Se pensar no meu tempo de vida a ver futebol e tivesse de eleger as duas melhores equipas para ver frente a frente num Benfica-Sporting, escolheria o Sporting de 81/82, aquele treinado pelo inglês Malcolm Allison, o efusivo “Big Mall”, com Meszaros na baliza, Eurico elegante na defesa, e na frente um trio mágico com Oliveira (maestro), Jordão e Manuel Fernandes (goleadores) que faziam de cada ataque uma aventura de arte e golo, contra o Benfica de 82/83, o treinado por Eriksson, então jovem técnico sueco acabado de chegar com ar de professor de matemática e um chapéu da Macieira. Era o onze com o Humberto patriarcal na defesa e craques como o Alves, Nené, Chalana, e depois estrangeiros, de toscos a ídolos, como Stromberg e Filipovic.

Os estilos nem eram, em fase dos jogos, muito diferentes tal a preferência de Eriksson pelo futebol britânico (o Liverpool dos anos 70 e o triângulo velocidade-técnica-táctica). É incrível. Estas equipas, mentores e jogo espetacular, estiveram nos nossos relvados em épocas seguidas, mas não se defrontaram.
Allison era uma figura polémica (no Sporting-Benfica de 82 foi antes do jogo começar sozinho até ao centro do relvado e aí levantou os braços a puxar pelo publico). Após ganhar Campeonato e Taça sairia, em litígio, no estágio da época seguinte. Oliveira ficou como jogador-treinador. Fez jogos épicos (como o dos três golos ao Dínamo de Zagreb, claro) nessa condição hoje impensável. A equipa já não era, porém, a mesma na cabeça. Entretanto, começara na Luz a revolução metodológica de Eriksson no futebol português e o novo domínio do Benfica.

Jordão terá sido o ponta-de-lança estilo avançado-centro que mais gostei de ver jogar no futebol português. Se Gomes e Nené eram o golo como poder de finalização, o último remate letal de cabeça (Gomes) ou a encostar sem sujar os calções (Nené), Jordão tinha tudo numa elegância de movimentos felinos. Instintivo, predador da área, tinha o porte atlético duma gazela, pernas arqueadas, quase em bicos de pés, ora cobrindo a bola, ora preparando o remate. Era um produto da magia africana. Como ele terminaria, aliás, a grande dinastia de goleadores ultramarinos na seleção portuguesa, por onde passaram, sucessivamente, Peyroteo, Matateu, Eusébio e, claro, Jordão. Em 74, com o 25 de Abril, o filão africano fechou-se.
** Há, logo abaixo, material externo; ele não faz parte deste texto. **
lemma shape_class_subset_fibers:
  assumes "1 \<le> G" "1 \<le> p" "1 \<le> q"
  shows "shape_class H G p q
    \<subseteq> (\<Union>g\<in>{int G, - int G}. \<Union>W\<in>{g * p * q, - (g * p * q)}. fiber H g (int p) (int q) W)"
proof clarify
  fix x a b c d
  assume t: "(x, a, b, c, d) \<in> shape_class H G p q"
  define u where "u = 4 * b - 4 * x - a^2"
  define v where "v = 4 * d - x^2"
  define w where "w = a * x - 2 * c"
  have sol: "(x, a, b, c, d) \<in> solutions H" and "\<bar>u\<bar> = int G * int p^2" "\<bar>v\<bar> = int G * int q^2"
    using t by (simp_all add: shape_class_def u_def v_def)
  have "u * v = w^2"
    using solutions_square_eq[OF sol] by (simp add: u_def v_def w_def)
  have "u \<noteq> 0" "v \<noteq> 0"
    using \<open>\<bar>u\<bar> = _\<close> \<open>\<bar>v\<bar> = _\<close> assms by auto
  have "0 \<le> u * v"
    using \<open>u * v = w^2\<close> by simp
  obtain g where g: "g \<in> {int G, - int G}" "u = g * int p^2" "v = g * int q^2"
  proof (cases "0 < u")
    case True
    with \<open>0 \<le> u * v\<close> \<open>v \<noteq> 0\<close> have "0 < v"
      by (simp add: zero_le_mult_iff)
    with True show thesis
      using that[of "int G"] \<open>\<bar>u\<bar> = _\<close> \<open>\<bar>v\<bar> = _\<close> by simp
  next
    case False
    with \<open>0 \<le> u * v\<close> \<open>u \<noteq> 0\<close> \<open>v \<noteq> 0\<close> have "u < 0" "v < 0"
      by (auto simp: zero_le_mult_iff)
    then show thesis
      using that[of "- int G"] \<open>\<bar>u\<bar> = _\<close> \<open>\<bar>v\<bar> = _\<close> by simp
  qed
  have "w^2 = (g * int p * int q)^2"
    using \<open>u * v = w^2\<close> g by (simp add: power2_eq_square algebra_simps)
  then have "w \<in> {g * int p * int q, - (g * int p * int q)}"
    by (simp add: power2_eq_iff)
  moreover have "(x, a, b, c, d) \<in> fiber H g (int p) (int q) w"
    using sol g by (simp add: fiber_def u_def v_def w_def)
  ultimately show "(x, a, b, c, d)
    \<in> (\<Union>g\<in>{int G, - int G}. \<Union>W\<in>{g * p * q, - (g * p * q)}. fiber H g (int p) (int q) W)"
    using g(1) by blast
qed

lemma card_fiber:
  assumes "1 \<le> H" "\<bar>g\<bar> = int G" "1 \<le> G" "1 \<le> p" "1 \<le> q"
  shows "real (card (fiber H g (int p) (int q) W)) \<le> 6960 * real H^2 / (real G * real (max p q)^2)"
proof -
  let ?P = "real G * real (max p q)^2"
  have "max (int p) (int q) = int (max p q)"
    by simp
  then have "real_of_int (\<bar>g\<bar> * max (int p) (int q)^2) = ?P"
    using assms(2) by simp
  then have region: "real (card (ax_region H g (int p) (int q) W)) * ?P \<le> 6960 * real H^2"
    using card_ax_region[OF assms(1), of "int p" "int q" g W] by simp
  have "real (card (fiber H g (int p) (int q) W)) * ?P \<le> real (card (ax_region H g (int p) (int q) W)) * ?P"
    using card_fiber_le by (intro mult_right_mono) simp_all
  with region have "real (card (fiber H g (int p) (int q) W)) * ?P \<le> 6960 * real H^2"
    by linarith
  moreover have "0 < ?P"
    using assms by simp
  ultimately show ?thesis
    by (simp add: pos_le_divide_eq)
qed

lemma card_shape_class:
  assumes "1 \<le> H" "1 \<le> G" "1 \<le> p" "1 \<le> q"
  shows "real (card (shape_class H G p q)) \<le> 4 * (6960 * real H^2 / (real G * real (max p q)^2))"
proof -
  let ?K = "6960 * real H^2 / (real G * real (max p q)^2)"
  let ?F = "\<lambda>g. \<Union>W\<in>{g * p * q, - (g * p * q)}. fiber H g (int p) (int q) W"
  have fin: "finite (fiber H g p q W)" for g p q W
    using finite_solutions by (rule finite_subset[rotated]) (auto simp: fiber_def)
  have "card (shape_class H G p q) \<le> card (\<Union>g\<in>{int G, - int G}. ?F g)"
    using shape_class_subset_fibers[OF assms(2-4)] fin by (intro card_mono) auto
  also have "\<dots> \<le> (\<Sum>g\<in>{int G, - int G}. \<Sum>W\<in>{g * p * q, - (g * p * q)}. card (fiber H g (int p) (int q) W))"
    by (intro order_trans[OF card_UN_le] sum_mono card_UN_le) auto
  finally have "real (card (shape_class H G p q))
      \<le> (\<Sum>g\<in>{int G, - int G}. \<Sum>W\<in>{g * p * q, - (g * p * q)}. real (card (fiber H g (int p) (int q) W)))"
    by (metis (no_types, lifting) of_nat_le_iff of_nat_sum sum.cong)
  also have "\<dots> \<le> (\<Sum>g\<in>{int G, - int G}. \<Sum>W\<in>{g * p * q, - (g * p * q)}. ?K)"
    using assms by (intro sum_mono card_fiber) auto
  also have "\<dots> \<le> 4 * ?K"
    using assms by (simp add: card_insert_if)
  finally show ?thesis .
qed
Embora pertençam a épocas distintas, tento nunca renegar qualquer versão sentimental da visão do futebol. Sinto que os tempos modernos trouxeram outro tipo de jogadores. Será da minha cabeça ou do menor romantismo adolescente como olho para eles. Talvez.
Mesmo assim, na devoção pelo jogadores que, como gosto de dizer, imagino a treinar sentados numa bola a meio do campo, só imaginando por onde devem correr, ou a traçar mentalmente as coordenadas certas para os passes longos precisos que farão no jogo, Rui Costa foi o último nº10 com perfume “à moda antiga” do nosso futebol puramente português.
Tinha coisas de Oliveira e outras de Alves. Será imaginação minha mas via nele diferentes gerações a fazer da bola o que queria enquanto instrumento de... jogo. Arquiteto que via as coisas à frente.
Numa altura em que as fronteiras se esbatiam, saiu cedo demais dos nossos relvados. Aconteceu com muitos e, assim, a partir de meados dos anos 90 deixamos de ver heróis anos infinitos com o mesmo emblema, até se confundirem com ele, no mesmo clube.
Um choque do coração do futebol com o sentimento de “amor à camisola”.